The following statements simulate data from the logistic model logit(Pr(Y)) = -2.5 + 2*log(X). For each value of X between 1 and 3, the true event probability is computed and used to generate a number of events from samples of size 10,000. Also computed and displayed for each X value is Z=log(X), the true log odds (logit) at X and at X+1, and the true odds ratio:

   data a;
      n=10000; 
      call streaminit(2543);
      do x=1 to 3 by .25;
         z=log(x);
         LogOddsAtX=-2.5+2*z;
         LogOddsAtXp1=-2.5+2*log(x+1);
         OR=exp(LogOddsAtXp1-LogOddsAtX);
         p=logistic(LogOddsAtX);
         y=rand("binomial",p,n);
         output;
      end;
      run;
   proc print data=a;
      id z x;
      var n y p LogOddsAtX LogOddsAtXp1 OR;
      run;

These statements fit and save the logistic model using Z=log(X) as the predictor:

   proc logistic data=a;
      model y/n = z;
      store log;
      run;

Notice that the estimated model parameters are close to the true parameters of -2.5 and 2. By default, the estimated odds ratio for a one unit increase in the predictor, Z, is provided. Under this model, a one unit increase in log(X) increases the event odds by about 7.2. Since Z is not involved in any interactions, the odds ratio of Z is constant, not depending on the value of Z. Using the data table above, subtracting the log odds at Z=0 (-2.5) from the log odds at Z=1.01 (-0.48) and exponentiating gives a rough estimate (7.54) for the true odds ratio of Z, and this estimate is similar to the 7.2 estimate from the fitted model:

To estimate the odds ratios for one unit increases in X, rather one unit increases in Z, use the NLEST macro to evaluate the model at X and at X+1 and compute the odds ratios at various values of X. These evaluations are predicted log odds, so differencing and then exponentiating provide estimates of the odds ratios.
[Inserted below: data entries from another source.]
lemma lattice_cell_cover:
  assumes det: "a * d - b * c \<noteq> 0"
  obtains s t :: real and m n :: int where "0 \<le> s" "s \<le> 1" "0 \<le> t" "t \<le> 1"
    "x = (s * a + t * c) + of_int m * a + of_int n * c"
    "y = (s * b + t * d) + of_int m * b + of_int n * d"
proof -
  define S where "S = (x * d - y * c) / (a * d - b * c)"
  define T where "T = (y * a - x * b) / (a * d - b * c)"
  have "S * a + T * c = x * (a * d - b * c) / (a * d - b * c)"
    and "S * b + T * d = y * (a * d - b * c) / (a * d - b * c)"
    by (simp_all add: S_def T_def add_divide_distrib[symmetric] algebra_simps)
  then have "x = S * a + T * c" "y = S * b + T * d" using det by simp_all
  moreover have "0 \<le> S - \<lfloor>S\<rfloor>" "S - \<lfloor>S\<rfloor> \<le> 1" "0 \<le> T - \<lfloor>T\<rfloor>" "T - \<lfloor>T\<rfloor> \<le> 1"
    by linarith+
  ultimately show ?thesis
    by (intro that[of "S - \<lfloor>S\<rfloor>" "T - \<lfloor>T\<rfloor>" "\<lfloor>S\<rfloor>" "\<lfloor>T\<rfloor>"]) (simp_all add: algebra_simps)
qed

text \<open>A continuous nonnegative function vanishing in mean on the unit square vanishes there,
  and the square covers the plane up to lattice translations.\<close>

lemma periodic_nonneg_cell_mean_zero:
  assumes det: "a * d - b * c \<noteq> 0" and h: "gamma_periodic a b c d h" "continuous2 h"
    and nonneg: "\<And>x y. 0 \<le> h x y" and mean: "cell_mean a b c d h = 0"
  shows "h x y = 0"
proof -
  let ?H = "\<lambda>z::real \<times> real. h (fst z * a + snd z * c) (fst z * b + snd z * d)"
  have H: "continuous_on unit_square ?H" by (rule continuous_on_cell[OF h(2)])
  have integral: "(?H has_integral 0) unit_square"
    using mean integrable_integral[OF integrable_continuous[OF H]] by (simp add: cell_mean_def)
  have box: "box (0::real, 0::real) (1, 1) \<noteq> {}"
    by (auto simp: box_ne_empty Basis_prod_def)
  have zero: "?H (s, t) = 0" if "0 \<le> s" "s \<le> 1" "0 \<le> t" "t \<le> 1" for s t
    by (rule has_integral_0_cbox_imp_0[OF H _ integral box]) (use nonneg that in \<open>auto simp: cbox_Pair_eq\<close>)
  obtain s t m n where st: "0 \<le> s" "s \<le> 1" "0 \<le> t" "t \<le> 1"
    and xy: "x = (s * a + t * c) + of_int m * a + of_int n * c"
      "y = (s * b + t * d) + of_int m * b + of_int n * d"
    using lattice_cell_cover[OF det] .
  have "h x y = h (s * a + t * c) (s * b + t * d)"
    unfolding xy by (rule gamma_periodic_lattice_shift[OF h(1)])
  also have "\<dots> = 0" using zero[OF st] by simp
  finally show ?thesis .
qed

lemma C1_partials_along_fst:
  assumes "C1_partials g gx gy"
  shows "((\<lambda>s. g (s * a + t * c) (s * b + t * d)) has_vector_derivative
           (a * gx (s * a + t * c) (s * b + t * d) + b * gy (s * a + t * c) (s * b + t * d))) (at s within X)"
proof -
  let ?p = "(s * a + t * c, s * b + t * d)"
  have line: "((\<lambda>s. (s * a + t * c, s * b + t * d)) has_derivative (\<lambda>h. (h * a, h * b))) (at s within X)"
    by (auto intro!: derivative_eq_intros)
  have "((\<lambda>z::real \<times> real. g (fst z) (snd z)) has_derivative
          (\<lambda>h. gx (fst ?p) (snd ?p) * fst h + gy (fst ?p) (snd ?p) * snd h)) (at ?p within (\<lambda>s. (s * a + t * c, s * b + t * d)) ` X)"
    using assms by (auto simp: C1_partials_def intro: has_derivative_at_withinI)
  from has_derivative_in_compose[OF line this]
  have "((\<lambda>s. g (s * a + t * c) (s * b + t * d)) has_derivative
          (\<lambda>h. gx (fst ?p) (snd ?p) * (h * a) + gy (fst ?p) (snd ?p) * (h * b))) (at s within X)"
    by (simp add: o_def)
  then show ?thesis unfolding has_vector_derivative_def
    by (rule has_derivative_eq_rhs) (auto simp: fun_eq_iff algebra_simps)
qed

lemma C1_partials_along_snd:
  assumes "C1_partials g gx gy"
  shows "((\<lambda>t. g (s * a + t * c) (s * b + t * d)) has_vector_derivative
           (c * gx (s * a + t * c) (s * b + t * d) + d * gy (s * a + t * c) (s * b + t * d))) (at t within X)"
proof -
  let ?p = "(s * a + t * c, s * b + t * d)"
  have line: "((\<lambda>t. (s * a + t * c, s * b + t * d)) has_derivative (\<lambda>h. (h * c, h * d))) (at t within X)"
    by (auto intro!: derivative_eq_intros)
  have "((\<lambda>z::real \<times> real. g (fst z) (snd z)) has_derivative
          (\<lambda>h. gx (fst ?p) (snd ?p) * fst h + gy (fst ?p) (snd ?p) * snd h)) (at ?p within (\<lambda>t. (s * a + t * c, s * b + t * d)) ` X)"
    using assms by (auto simp: C1_partials_def intro: has_derivative_at_withinI)
  from has_derivative_in_compose[OF line this]
  have "((\<lambda>t. g (s * a + t * c) (s * b + t * d)) has_derivative
          (\<lambda>h. gx (fst ?p) (snd ?p) * (h * c) + gy (fst ?p) (snd ?p) * (h * d))) (at t within X)"
    by (simp add: o_def)
  then show ?thesis unfolding has_vector_derivative_def
    by (rule has_derivative_eq_rhs) (auto simp: fun_eq_iff algebra_simps)
qed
This is most easily done by creating a data set with each of the expressions to be evaluated as shown below for X=1, 1.5, 2, and 2.5. To obtain a test that each odds ratio equals one (no change in odds) rather than zero as done by default, specify null=1 in the NLEST call. The macro automatically provides the same information as displayed in a data set named EST. Using that data set, PROC SGPLOT is used to plot the odds ratios and their confidence intervals:

   data fd; 
      length label f $32767; 
      infile datalines delimiter=',';
      input label f; 
      datalines;
   at x=1   , exp( (b_p1+log(1+1)*b_p2) - (b_p1+log(1)*b_p2) )
   at x=1.5 , exp( (b_p1+log(1.5+1)*b_p2) - (b_p1+log(1.5)*b_p2) )
   at x=2   , exp( (b_p1+log(2+1)*b_p2) - (b_p1+log(2)*b_p2) )
   at x=2.5 , exp( (b_p1+log(2.5+1)*b_p2) - (b_p1+log(2.5)*b_p2) )
   ;
   %nlest(instore=log, fdata=fd, null=1, title=ORs at various X values)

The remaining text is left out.